Segment Start: Supplied records

(* Let $\rho$ be a nonlinearity, $V_{\mathrm{in}}$ a nonempty finite set and $D\in\mathbb{N}$. The binary relation of $\rho$-isomorphism is an equivalence relation on both $\mathscr{N}^{V_{\mathrm{in}},D}_{\mathrm{G}}$ and $\mathscr{N}^{V_{\mathrm{in}},D}_{\mathrm{L}}$, and if $\mathcal{N}$ is $\rho$-isomorphic to $\mathcal{M}$, then $R_{\mathcal{N}}=R_{\mathcal{M}}$.
   Context: A nonlinearity is a continuous $\rho:\mathbb{R}\to\mathbb{R}$ not of the form $t\mapsto at+b$. GFNN with $D$-dim output: $\mathcal{N}=(V,E,V_{\mathrm{in}},V_{\mathrm{out}},\Omega,\Theta,\Lambda)$, $(V,E)$ finite loopless DAG, $V_{\mathrm{in}}$ the parentless nodes, $V_{\mathrm{out}}\subset V\setminus V_{\mathrm{in}}$, nonzero real weights $\omega_{\tilde vv}$ on edges $(v,\tilde v)$, real biases on non-input nodes, real output scalars $\lambda^{(r)},\lambda^{(r)}_w$. $\mathrm{anc}(S)$: nodes with a directed path (length $\ge0$) into $S$. $\mathrm{lv}=0$ on parentless nodes, else $1+$max of parents; LFNN: $\mathrm{lv}(\tilde v)=\mathrm{lv}(v)+1$ on edges. $R_u(t)=t_u$ on inputs, $R_u(t)=\rho(\sum_{v\in\mathrm{par}(u)}\omega_{uv}R_v(t)+\theta_u)$; $R_{\mathcal{N}}=(\lambda^{(r)}+\sum_w\lambda^{(r)}_wR_w)_r$. Non-degenerate: $V\setminus V_{\mathrm{in}}\subset\mathrm{anc}(V_{\mathrm{out}})$ and each output node has some nonzero $\lambda^{(r)}_w$. Affine symmetry: $(\zeta,\{(\alpha_s,\beta_s,\gamma_s)\}_{s\in\mathcal{I}})$, $\mathcal{I}$ nonempty finite, $\sum_s\alpha_s\rho(\beta_st+\gamma_s)=\zeta$ $\forall t$, no proper $\mathcal{I}'$ with $\{\rho(\beta_s\cdot+\gamma_s)\}_{\mathcal{I}'}\cup\{\mathbf1\}$ linearly dependent. Reducible: some nonempty $U$ with common parent set $P$, nonzero $\kappa_v,\beta_u$ with $\omega_{uv}=\beta_u\kappa_v$, and $\zeta$, nonzero $\alpha_u$ making $(\zeta,\{(\alpha_u,\beta_u,\theta_u)\}_{u\in U})$ an affine symmetry. Regular = irreducible + non-degenerate. $\mathscr{N}^{V_{\mathrm{in}},D}_{\mathrm{G}}$ ($\mathscr{N}^{V_{\mathrm{in}},D}_{\mathrm{L}}$) = regular GFNNs (LFNNs) with $D$-dim output and input set $V_{\mathrm{in}}$. $\rho$-modification of an irreducible $\mathcal{N}$: $A,B\subset V\setminus V_{\mathrm{in}}$ disjoint, $A\ne\varnothing$, common parent set $P$, $W=\{w:\mathrm{par}(w)\cap A\ne\varnothing\}$; (i) affine symmetry $(\zeta,\{(\alpha_u,\beta_u,\theta_u)\}_{u\in A\cup B}\cup\{(\alpha'_p,\beta'_p,\gamma'_p)\}_{p=1}^n)$, $n\ge1$; (ii) nonzero $\kappa_v$ with $\omega_{uv}=\beta_u\kappa_v$; (iii) $A\subset\mathrm{par}(w)$, nonzero $\nu_w$ with $\omega_{wu}=\nu_w\alpha_u$ ($w\in W,u\in A$); (iv) $A\cap V_{\mathrm{out}}=\varnothing$ or $A\subset V_{\mathrm{out}}$ with reals $\mu_r$, $\lambda^{(r)}_u=\mu_r\alpha_u$ ($u\in A$). Delete $A$ and incident edges; add $C=\{u'_1,\dots,u'_n\}$ with edges $(v,u'_p)$ of weight $\beta'_p\kappa_v$, bias $\gamma'_p$, edges $(u'_p,w)$ of weight $-\alpha'_p\nu_w$; $\theta_w\mapsto\theta_w+\zeta\nu_w$; for $w\in W,u\in B$ add edge of weight $-\alpha_u\nu_w$ if absent, else $\omega_{wu}\mapsto\omega_{wu}-\alpha_u\nu_w$, deleting it if $0$. If $A\subset V_{\mathrm{out}}$: $\lambda^{(r)}\mapsto\lambda^{(r)}+\zeta\mu_r$, $\lambda^{(r)}_{u'_p}=-\alpha'_p\mu_r$, for $u\in B$ $\lambda^{(r)}_u$ ($0$ if $u\notin V_{\mathrm{out}}$) $\mapsto\lambda^{(r)}_u-\alpha_u\mu_r$, output set $(V_{\mathrm{out}}\setminus(A\cup B))\cup C\cup\{u\in B:\text{some new }\lambda^{(r)}_u\ne0\}$; else outputs unchanged. Regular GFNNs $\mathcal{N},\mathcal{M}$ (same $D$, same inputs) are $\rho$-isomorphic if there are regular GFNNs $\mathcal{N}_1=\mathcal{N},\dots,\mathcal{N}_n=\mathcal{M}$ ($n\ge1$) with $D$-dim output and the same input set, each $\mathcal{N}_{j+1}$ a $\rho$-modification of $\mathcal{N}_j$. *)

theory Defs
  imports Complex_Main
begin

Segment End: Supplied records

## Problem
Reproduce all of the entries word for word. Omit nothing.

## Answer box
(* Let $\rho$ be a nonlinearity, $V_{\mathrm{in}}$ a nonempty finite set and $D\in\mathbb{N}$. The binary relation of $\rho$-isomorphism is an equivalence relation on both $\mathscr{N}^{V_{\mathrm{in}},D}_{\mathrm{G}}$ and $\mathscr{N}^{V_{\mathrm{in}},D}_{\mathrm{L}}$, and if $\mathcal{N}$ is $\rho$-isomorphic to $\mathcal{M}$, then $R_{\mathcal{N}}=R_{\mathcal{M}}$.
   Context: A nonlinearity is a continuous $\rho:\mathbb{R}\to\mathbb{R}$ not of the form $t\mapsto at+b$. GFNN with $D$-dim output: $\mathcal{N}=(V,E,V_{\mathrm{in}},V_{\mathrm{out}},\Omega,\Theta,\Lambda)$, $(V,E)$ finite loopless DAG, $V_{\mathrm{in}}$ the parentless nodes, $V_{\mathrm{out}}\subset V\setminus V_{\mathrm{in}}$, nonzero real weights $\omega_{\tilde vv}$ on edges $(v,\tilde v)$, real biases on non-input nodes, real output scalars $\lambda^{(r)},\lambda^{(r)}_w$. $\mathrm{anc}(S)$: nodes with a directed path (length $\ge0$) into $S$. $\mathrm{lv}=0$ on parentless nodes, else $1+$max of parents; LFNN: $\mathrm{lv}(\tilde v)=\mathrm{lv}(v)+1$ on edges. $R_u(t)=t_u$ on inputs, $R_u(t)=\rho(\sum_{v\in\mathrm{par}(u)}\omega_{uv}R_v(t)+\theta_u)$; $R_{\mathcal{N}}=(\lambda^{(r)}+\sum_w\lambda^{(r)}_wR_w)_r$. Non-degenerate: $V\setminus V_{\mathrm{in}}\subset\mathrm{anc}(V_{\mathrm{out}})$ and each output node has some nonzero $\lambda^{(r)}_w$. Affine symmetry: $(\zeta,\{(\alpha_s,\beta_s,\gamma_s)\}_{s\in\mathcal{I}})$, $\mathcal{I}$ nonempty finite, $\sum_s\alpha_s\rho(\beta_st+\gamma_s)=\zeta$ $\forall t$, no proper $\mathcal{I}'$ with $\{\rho(\beta_s\cdot+\gamma_s)\}_{\mathcal{I}'}\cup\{\mathbf1\}$ linearly dependent. Reducible: some nonempty $U$ with common parent set $P$, nonzero $\kappa_v,\beta_u$ with $\omega_{uv}=\beta_u\kappa_v$, and $\zeta$, nonzero $\alpha_u$ making $(\zeta,\{(\alpha_u,\beta_u,\theta_u)\}_{u\in U})$ an affine symmetry. Regular = irreducible + non-degenerate. $\mathscr{N}^{V_{\mathrm{in}},D}_{\mathrm{G}}$ ($\mathscr{N}^{V_{\mathrm{in}},D}_{\mathrm{L}}$) = regular GFNNs (LFNNs) with $D$-dim output and input set $V_{\mathrm{in}}$. $\rho$-modification of an irreducible $\mathcal{N}$: $A,B\subset V\setminus V_{\mathrm{in}}$ disjoint, $A\ne\varnothing$, common parent set $P$, $W=\{w:\mathrm{par}(w)\cap A\ne\varnothing\}$; (i) affine symmetry $(\zeta,\{(\alpha_u,\beta_u,\theta_u)\}_{u\in A\cup B}\cup\{(\alpha'_p,\beta'_p,\gamma'_p)\}_{p=1}^n)$, $n\ge1$; (ii) nonzero $\kappa_v$ with $\omega_{uv}=\beta_u\kappa_v$; (iii) $A\subset\mathrm{par}(w)$, nonzero $\nu_w$ with $\omega_{wu}=\nu_w\alpha_u$ ($w\in W,u\in A$); (iv) $A\cap V_{\mathrm{out}}=\varnothing$ or $A\subset V_{\mathrm{out}}$ with reals $\mu_r$, $\lambda^{(r)}_u=\mu_r\alpha_u$ ($u\in A$). Delete $A$ and incident edges; add $C=\{u'_1,\dots,u'_n\}$ with edges $(v,u'_p)$ of weight $\beta'_p\kappa_v$, bias $\gamma'_p$, edges $(u'_p,w)$ of weight $-\alpha'_p\nu_w$; $\theta_w\mapsto\theta_w+\zeta\nu_w$; for $w\in W,u\in B$ add edge of weight $-\alpha_u\nu_w$ if absent, else $\omega_{wu}\mapsto\omega_{wu}-\alpha_u\nu_w$, deleting it if $0$. If $A\subset V_{\mathrm{out}}$: $\lambda^{(r)}\mapsto\lambda^{(r)}+\zeta\mu_r$, $\lambda^{(r)}_{u'_p}=-\alpha'_p\mu_r$, for $u\in B$ $\lambda^{(r)}_u$ ($0$ if $u\notin V_{\mathrm{out}}$) $\mapsto\lambda^{(r)}_u-\alpha_u\mu_r$, output set $(V_{\mathrm{out}}\setminus(A\cup B))\cup C\cup\{u\in B:\text{some new }\lambda^{(r)}_u\ne0\}$; else outputs unchanged. Regular GFNNs $\mathcal{N},\mathcal{M}$ (same $D$, same inputs) are $\rho$-isomorphic if there are regular GFNNs $\mathcal{N}_1=\mathcal{N},\dots,\mathcal{N}_n=\mathcal{M}$ ($n\ge1$) with $D$-dim output and the same input set, each $\mathcal{N}_{j+1}$ a $\rho$-modification of $\mathcal{N}_j$. *)

theory Defs
  imports Complex_Main
begin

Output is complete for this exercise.